» Items from a data source:
____

(* For an integer $k \geq -1$ and real $b \geq 0$ define \[ J_k = J_k(b) = \int_{-1}^{1} (1-x^2)^{k/2} e^{bx}\, \mathrm{d}x. \] Then for every integer $d \geq 2$ and every $b \geq 0$: (a) $b^2 J_{d+1} = -d(d+1) J_{d-1} + (d+1)(d-1) J_{d-3}$; (b) $\dfrac{J_{d-3}}{J_{d-1}} \geq \dfrac{d}{d-1}\left(\dfrac12 + \sqrt{\dfrac14 + \dfrac{b^2}{d(d+2)}}\right)$; (c) $\dfrac{J_{d-1}}{J_{d+1}} \leq \dfrac{d+2}{d+1}\left(\dfrac12 + \sqrt{\dfrac14 + \dfrac{b^2}{d(d+2)}}\right)$; (d) $J_{d+1} J_{d-3} \geq J_{d-1}^2 \dfrac{d(d+1)}{(d-1)(d+2)}$. *)

theory Defs
  imports "HOL-Analysis.Analysis"
begin

text \<open>J_k(b) = integral over [-1,1] of (1-x^2)^(k/2) e^(bx) dx, for integers k >= -1.
  For k = -1 the integrand is improper at the endpoints but Lebesgue (hence
  Henstock-Kurzweil) integrable; the value at x = +-1 is irrelevant.\<close>
definition J :: "int \<Rightarrow> real \<Rightarrow> real" where
  "J k b = integral {-1..1} (\<lambda>x::real. (1 - x\<^sup>2) powr (real_of_int k / 2) * exp (b * x))"

end

theory Submission
  imports Defs
begin

text \<open>Put \<open>d = 2p + 1\<close>, \<open>A(b) = J\<^sub>d\<^sub>-\<^sub>1(b)\<close>, \<open>B(b) = J\<^sub>d\<^sub>+\<^sub>1(b)\<close>; the argument works for every real
  \<open>p > 0\<close>. Integration by parts in \<open>x\<close>, together with differentiation under the integral sign
  in \<open>b\<close>, gives \<open>b B = (d+1) A'\<close> and \<open>b B' = (d+1) A - (d+2) B\<close>; the same two identities one
  step lower give the recurrence (a). For the Turan gap
  \<open>g = (d+2)(d(d+1) A B + b\<^sup>2 B\<^sup>2) - d(d+1)\<^sup>2 A\<^sup>2\<close> they yield
  \<open>b g' + (d+2) g = 4(d+1) b\<^sup>2 A B \<ge> 0\<close>, so \<open>b\<^sup>d\<^sup>+\<^sup>2 g(b)\<close> is nondecreasing and \<open>g \<ge> 0\<close>.
  Using (a), \<open>g\<close> is a positive multiple of the difference of the two sides of (d), and of a
  quadratic in the ratio \<open>A/B\<close> (resp. \<open>J\<^sub>d\<^sub>-\<^sub>3/J\<^sub>d\<^sub>-\<^sub>1\<close>) whose larger root gives (c) (resp. (b)).\<close>

definition J_integrand :: "real \<Rightarrow> real \<Rightarrow> real \<Rightarrow> real" where
  "J_integrand p b x = (1 - x\<^sup>2) powr p * exp (b * x)"

definition J_pow :: "real \<Rightarrow> real \<Rightarrow> real" where
  "J_pow p b = integral {-1..1} (J_integrand p b)"

definition J_moment :: "real \<Rightarrow> real \<Rightarrow> real" where
  "J_moment p b = integral {-1..1} (\<lambda>x. x * J_integrand p b x)"

lemma J_eq_J_pow: "J k b = J_pow (real_of_int k / 2) b"
  unfolding J_def J_pow_def J_integrand_def ..

lemma continuous_on_J_integrand:
  assumes "p > 0"
  shows "continuous_on {-1..1} (J_integrand p b)"
proof -
  have "continuous_on {-1..1} (\<lambda>x::real. (1 - x\<^sup>2) powr p)"
    by (rule continuous_on_powr')
      (use assms in \<open>auto intro!: continuous_intros simp: abs_square_le_1\<close>)
  then show ?thesis
    unfolding J_integrand_def by (rule continuous_on_mult) (intro continuous_intros)
qed

lemma J_pow_has_integral:
  "p > 0 \<Longrightarrow> (J_integrand p b has_integral J_pow p b) {-1..1}"
  unfolding J_pow_def
  by (intro integrable_integral integrable_continuous_interval continuous_on_J_integrand)

lemma J_moment_has_integral:
  "p > 0 \<Longrightarrow> ((\<lambda>x. x * J_integrand p b x) has_integral J_moment p b) {-1..1}"
  unfolding J_moment_def
  by (intro integrable_integral integrable_continuous_interval continuous_intros
      continuous_on_J_integrand)

lemma J_integrand_endpoints [simp]: "J_integrand p b 1 = 0" "J_integrand p b (-1) = 0"
  by (simp_all add: J_integrand_def)

lemma one_minus_square_pos: "x \<in> {-1<..<1} \<Longrightarrow> 1 - x\<^sup>2 > (0::real)"
  by (auto simp: abs_square_less_1 less_iff_diff_less_0[symmetric])

lemma J_integrand_mult_base:
  "x \<in> {-1<..<1} \<Longrightarrow> (1 - x\<^sup>2) * J_integrand (p - 1) b x = J_integrand p b x"
  using one_minus_square_pos[of x] by (simp add: J_integrand_def powr_mult_base)

lemma J_integrand_has_derivative:
  assumes "x \<in> {-1<..<1}"
  shows "(J_integrand p b has_real_derivative
           b * J_integrand p b x - 2 * p * (x * J_integrand (p - 1) b x)) (at x)"
  unfolding J_integrand_def using one_minus_square_pos[OF assms]
  by (auto intro!: derivative_eq_intros simp: algebra_simps)

lemma J_pow_succ_recurrence:
  assumes "p > 0"
  shows "b * J_pow (p + 1) b = 2 * (p + 1) * J_moment p b"
proof -
  let ?f = "\<lambda>x. b * J_integrand (p + 1) b x - 2 * (p + 1) * (x * J_integrand p b x)"
  have "(?f has_integral J_integrand (p + 1) b 1 - J_integrand (p + 1) b (-1)) {-1..1}"
  proof (rule fundamental_theorem_of_calculus_interior)
    show "continuous_on {-1..1} (J_integrand (p + 1) b)"
      using assms by (intro continuous_on_J_integrand) simp
  next
    fix x :: real assume "x \<in> {-1<..<1}"
    then show "(J_integrand (p + 1) b has_vector_derivative ?f x) (at x)"
      using J_integrand_has_derivative[of x "p + 1" b]
      by (simp add: has_real_derivative_iff_has_vector_derivative)
  qed simp
  then have "(?f has_integral 0) {-1..1}"
    by simp
  moreover have "(?f has_integral b * J_pow (p + 1) b - 2 * (p + 1) * J_moment p b) {-1..1}"
    using assms by (intro has_integral_diff has_integral_mult_right J_pow_has_integral
        J_moment_has_integral) simp_all
  ultimately have "0 = b * J_pow (p + 1) b - 2 * (p + 1) * J_moment p b"
    by (rule has_integral_unique)
  then show ?thesis
    by simp
qed

text \<open>For \<open>p < 1\<close> the integrand \<open>J_integrand (p - 1) b\<close> is unbounded at \<open>\<plusminus>1\<close>; its integrability
  comes out of the fundamental theorem of calculus applied to \<open>x * J_integrand p b x\<close>.\<close>

lemma J_pow_pred_recurrence:
  assumes "p > 0"
  shows "2 * p * J_pow (p - 1) b = (2 * p + 1) * J_pow p b + b * J_moment p b"
proof -
  let ?f = "\<lambda>x. (2 * p + 1) * J_integrand p b x + b * (x * J_integrand p b x)
                 - 2 * p * J_integrand (p - 1) b x"
  have "(?f has_integral 1 * J_integrand p b 1 - (-1) * J_integrand p b (-1)) {-1..1}"
  proof (rule fundamental_theorem_of_calculus_interior)
    show "continuous_on {-1..1} (\<lambda>x. x * J_integrand p b x)"
      using assms by (intro continuous_intros continuous_on_J_integrand)
  next
    fix x :: real assume x: "x \<in> {-1<..<1}"
    have "((\<lambda>x. x * J_integrand p b x) has_real_derivative
           x * (b * J_integrand p b x - 2 * p * (x * J_integrand (p - 1) b x))
           + J_integrand p b x) (at x)"
      using J_integrand_has_derivative[OF x] by (auto intro!: derivative_eq_intros)
    moreover have "x * (b * J_integrand p b x - 2 * p * (x * J_integrand (p - 1) b x))
           + J_integrand p b x = ?f x"
      unfolding J_integrand_mult_base[OF x, of p b, symmetric]
      by (simp add: algebra_simps power2_eq_square)
    ultimately show "((\<lambda>x. x * J_integrand p b x) has_vector_derivative ?f x) (at x)"
      by (simp add: has_real_derivative_iff_has_vector_derivative)
  qed simp
  then have "(?f has_integral 0) {-1..1}"
    by simp
  moreover have "((\<lambda>x. (2 * p + 1) * J_integrand p b x + b * (x * J_integrand p b x)) has_integral
                  (2 * p + 1) * J_pow p b + b * J_moment p b) {-1..1}"
    using assms by (intro has_integral_add has_integral_mult_right J_pow_has_integral
        J_moment_has_integral)
  ultimately have "((\<lambda>x. ((2 * p + 1) * J_integrand p b x + b * (x * J_integrand p b x)
                              - ?f x) / (2 * p)) has_integral
                     ((2 * p + 1) * J_pow p b + b * J_moment p b - 0) / (2 * p)) {-1..1}"
    by (intro has_integral_divide has_integral_diff)
  moreover have "(\<lambda>x. ((2 * p + 1) * J_integrand p b x + b * (x * J_integrand p b x) - ?f x)
                     / (2 * p)) = J_integrand (p - 1) b"
    using assms by (simp add: fun_eq_iff)
  ultimately have "J_pow (p - 1) b = ((2 * p + 1) * J_pow p b + b * J_moment p b) / (2 * p)"
    unfolding J_pow_def by (simp add: integral_unique)
  then show ?thesis
    using assms by simp
qed

lemma J_pow_three_term_recurrence:
  assumes "p > 0"
  shows "b\<^sup>2 * J_pow (p + 1) b
           = 2 * p * (2 * p + 2) * J_pow (p - 1) b - (2 * p + 1) * (2 * p + 2) * J_pow p b"
proof -
  have "b\<^sup>2 * J_pow (p + 1) b = 2 * (p + 1) * (b * J_moment p b)"
    using J_pow_succ_recurrence[OF assms, of b] by (simp add: power2_eq_square)
  also have "b * J_moment p b = 2 * p * J_pow (p - 1) b - (2 * p + 1) * J_pow p b"
    using J_pow_pred_recurrence[OF assms, of b] by simp
  finally show ?thesis
    by (simp add: algebra_simps)
qed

____

» Exercise prompt: Once you have read through the entries above, state how many lines hold the word "gives", giving nothing but the number.

» Answer box: 2